Most of us shutter a bit to the sound of the word "fats", but not all fats need to always be avoided. Omega-3 Fatty Acids are healthy, polyunsaturated fats that help the cells in your body function they way they should. They help support interactions between cells and provide structure between your cells. Your body can not produce as much Omega-3 as it needs and thats why we supplement with foods!
- Why do we need it? Omega-3 acids, as well as improving cell health, help lower triglyceride levels, decreasing your risk of heart disease and strokes. Omega-3s can also help in raising your HDL (good) cholesterol and lowering your blood pressure.
- Am I missing it? It doesn't take much to get enough Omega-3. just 8 ounces of fatty fish a week will give you the 250-500mg of Omega-3 you need.
- What happens if we are deficient? If you are deficient in Omega-3, you will often have skin irritation and dryness. A lack of Omega-3 can also cause depression. Too much Omega-3 can be harmful as well, and can lead to blood thinning or excessive bleeding.
- Where do I get it? Certain fatty fish (Mackerel, Salmon, Herring, Anchovy, Salmon), ground Flaxseed, Walnuts, Edamame
Recipes:
Omega 3 Oatmeal (grapefruitkitchen.com)
- 1/2 cup Dry Rolled Oats
- 1 tablespoon ground Flax Seed
- 1 tablespoon Pepitas
- 1 teaspoon Chia Seeds
- 2 tablespoons Maple Syrup
- 1 cup Nondairy Milk of choice
- 1 cup Fruit of choice
In sauce pan or microwave safe bowl, add dry oats, flax seed, pepitas, chia seeds, maple syrup, and nondairy milk. Heat until all the liquid is absorbed. If desired you can add more milk or use water to make oatmeal thinner.

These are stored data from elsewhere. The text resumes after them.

(* Consider the set of all bubbles, with output and input colours as defined in the context. Equip it with the partial composition $\mathfrak B_1\circ_i\mathfrak B_2$ given by the composition of the operad $\mathrm{CNCB}$ and defined exactly when $\mathrm{Out}(\mathfrak B_2)=\mathrm{In}_i(\mathfrak B_1)$, and add two units $\mathbf 1_1,\mathbf 1_2$ (where $\mathbf 1_c$ has arity $1$ and output and input colour $c$). This forms a $2$-coloured operad $\mathrm{Bulle}$. In particular, whenever $\mathrm{Out}(\mathfrak B_2)=\mathrm{In}_i(\mathfrak B_1)$, the $\mathrm{CNCB}$-composite $\mathfrak B_1\circ_i\mathfrak B_2$ is again a bubble.
   Context: For $n\ge2$, a bicoloured noncrossing configuration (BNC) of size $n$ is a regular polygon with $n+1$ vertices numbered $1,\dots,n+1$ clockwise, together with two disjoint sets of arcs, blue arcs and red arcs. An arc is a pair $(i,j)$ with $1\le i<j\le n+1$. The arcs $(i,i+1)$, $1\le i\le n$, are the edges ($(i,i+1)$ is the $i$th edge), $(1,n+1)$ is the base, and all other arcs are diagonals. Coloured (blue or red) arcs must be pairwise noncrossing, where $(i,j)$ and $(k,l)$ cross iff $i<k<j<l$ or $k<i<l<j$, and red arcs must be diagonals. Other arcs are uncoloured. There is one BNC of size $1$, a single blue arc. The operad $\mathrm{CNCB}$ has the BNCs as elements (arity = size). Its composition $\mathfrak C\circ_i\mathfrak D$ ($\mathfrak C$ of size $n$, $\mathfrak D$ of size $m$) glues the base of $\mathfrak D$ onto the $i$th edge of $\mathfrak C$. Arcs $(a,b)$ of $\mathfrak C$ become $(\sigma(a),\sigma(b))$ with $\sigma(v)=v$ for $v\le i$ and $\sigma(v)=v+m-1$ for $v>i$, and arcs $(a,b)$ of $\mathfrak D$ become $(a+i-1,b+i-1)$; all keep their colours. The exception is the glued arc $(i,i+m)$, which is red if the $i$th edge of $\mathfrak C$ and the base of $\mathfrak D$ are both uncoloured, blue if both are blue, and uncoloured otherwise. A bubble is a BNC of size at least $2$ with no coloured diagonal. A BNC is based if its base is blue. For a bubble $\mathfrak B$ of size $n$, its output colour is $\mathrm{Out}(\mathfrak B)=1$ if $\mathfrak B$ is based and $2$ otherwise. Its $i$th input colour $\mathrm{In}_i(\mathfrak B)$, for $i\in[n]$, is $1$ if the $i$th edge of $\mathfrak B$ is uncoloured and $2$ if it is blue. *)

theory Defs
  imports Main
begin

text \<open>A BNC of size n: polygon with vertices 1..n+1, a set of blue arcs and a set of red arcs.
  Arcs are pairs (i,j) with 1 <= i < j <= n+1.\<close>

record bnc =
  sz   :: nat
  blue :: "(nat \<times> nat) set"
  red  :: "(nat \<times> nat) set"

definition is_arc :: "nat \<Rightarrow> nat \<times> nat \<Rightarrow> bool" where
  "is_arc n a \<longleftrightarrow> 1 \<le> fst a \<and> fst a < snd a \<and> snd a \<le> n + 1"

definition is_edge :: "nat \<Rightarrow> nat \<times> nat \<Rightarrow> bool" where
  "is_edge n a \<longleftrightarrow> (\<exists>i. 1 \<le> i \<and> i \<le> n \<and> a = (i, i + 1))"

definition is_base :: "nat \<Rightarrow> nat \<times> nat \<Rightarrow> bool" where
  "is_base n a \<longleftrightarrow> a = (1, n + 1)"

definition is_diagonal :: "nat \<Rightarrow> nat \<times> nat \<Rightarrow> bool" where
  "is_diagonal n a \<longleftrightarrow> is_arc n a \<and> \<not> is_edge n a \<and> \<not> is_base n a"

definition crosses :: "nat \<times> nat \<Rightarrow> nat \<times> nat \<Rightarrow> bool" where
  "crosses a b \<longleftrightarrow>
     (fst a < fst b \<and> fst b < snd a \<and> snd a < snd b) \<or>
     (fst b < fst a \<and> fst a < snd b \<and> snd b < snd a)"

definition is_bnc :: "bnc \<Rightarrow> bool" where
  "is_bnc C \<longleftrightarrow>
     (sz C \<ge> 2 \<and>
      (\<forall>a \<in> blue C. is_arc (sz C) a) \<and>
      (\<forall>a \<in> red C. is_diagonal (sz C) a) \<and>
      blue C \<inter> red C = {} \<and>
      (\<forall>a \<in> blue C \<union> red C. \<forall>b \<in> blue C \<union> red C. \<not> crosses a b))
     \<or> C = \<lparr>sz = 1, blue = {(1, 2)}, red = {}\<rparr>"

definition cncb_comp :: "bnc \<Rightarrow> nat \<Rightarrow> bnc \<Rightarrow> bnc" where
  "cncb_comp C i D =
     (let n = sz C; m = sz D;
          \<sigma> = (\<lambda>v::nat. if v \<le> i then v else v + m - 1);
          mapC = (\<lambda>(a, b). (\<sigma> a, \<sigma> b));
          shD = (\<lambda>(a, b). (a + i - 1, b + i - 1));
          g = (i, i + m);
          edgeC = (i, i + 1);
          baseD = (1, m + 1);
          glue_blue = (edgeC \<in> blue C \<and> baseD \<in> blue D);
          glue_red = (edgeC \<notin> blue C \<and> edgeC \<notin> red C \<and> baseD \<notin> blue D \<and> baseD \<notin> red D)
      in \<lparr> sz = n + m - 1,
           blue = ((mapC ` blue C \<union> shD ` blue D) - {g}) \<union> (if glue_blue then {g} else {}),
           red  = ((mapC ` red C \<union> shD ` red D) - {g}) \<union> (if glue_red then {g} else {}) \<rparr>)"

definition is_bubble :: "bnc \<Rightarrow> bool" where
  "is_bubble B \<longleftrightarrow> is_bnc B \<and> sz B \<ge> 2 \<and>
     (\<forall>a \<in> blue B \<union> red B. \<not> is_diagonal (sz B) a)"

definition based :: "bnc \<Rightarrow> bool" where
  "based B \<longleftrightarrow> (1, sz B + 1) \<in> blue B"

definition Out :: "bnc \<Rightarrow> nat" where
  "Out B = (if based B then 1 else 2)"

definition In :: "bnc \<Rightarrow> nat \<Rightarrow> nat" where
  "In B i = (if (i, i + 1) \<in> blue B then 2 else 1)"

datatype bulle = Unit nat | Bub bnc

definition Bulle :: "bulle set" where
  "Bulle = {Unit 1, Unit 2} \<union> Bub ` {B. is_bubble B}"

While oatmeal is cooking, prep the fruit you wish to top with. I am using banana, blueberries, and frozen raspberries!
Once oatmeal is to your preferred consistency, top with fruit of choice and serve!
Lemon Walnut Hemp Crusted Salmon (kerriaxelrod.com)
- 2 tablespoons Manitoba Hemp Hearts
- 3 tablespoons Walnuts
- Kosher Salt and Freshly Ground Black Pepper
- 1 Lemon, halved
- 16-ounce, wild caught Salmon
- 3 teaspoons Bulletproof Ghee, divided
- Pre-heat oven to 400 degrees and pulse walnuts in a food processor until finely ground
- In a small bowl combine pulsed walnuts, hemp hearts and salt and pepper
- Place the salmon on a piece of parchment paper and squeeze half a lemon over the top; melt 1 tsp ghee and drizzle on top
- Sprinkle the hemp hearts and walnut mixture onto the salmon and press it down to form a crust
- In a cast-iron skillet, melt about 2 tsp ghee; add skin-on salmon fillet with the skin side down
- Cook for 3 minutes over high heat to brown the skin, spooning some of the melted ghee over the top of the fish as it cooks
- Transfer the pan to oven; roast until fish is just cooked through (approximately 8 to 10 minutes)
Tuna Piccata Toast (livebest.info)
- 4 slices thick-cut Bread, toasted
- 1 5-ounce can Tuna, drained
- 1 tablespoon Capers, chopped
- 1 teaspoon Lemon Juice
- 1 teaspoon Olive Oil
- 1/2 teaspoon Dijon Mustard
- 1/4 teaspoon Lemon Zest
- 1/4 teaspoon Dried Onion
Mix tuna, capers, lemon juice, olive oil, mustard, lemon zest and onion lightly with a fork. Spread on bread. Eat it cold, room temp or warm in the oven.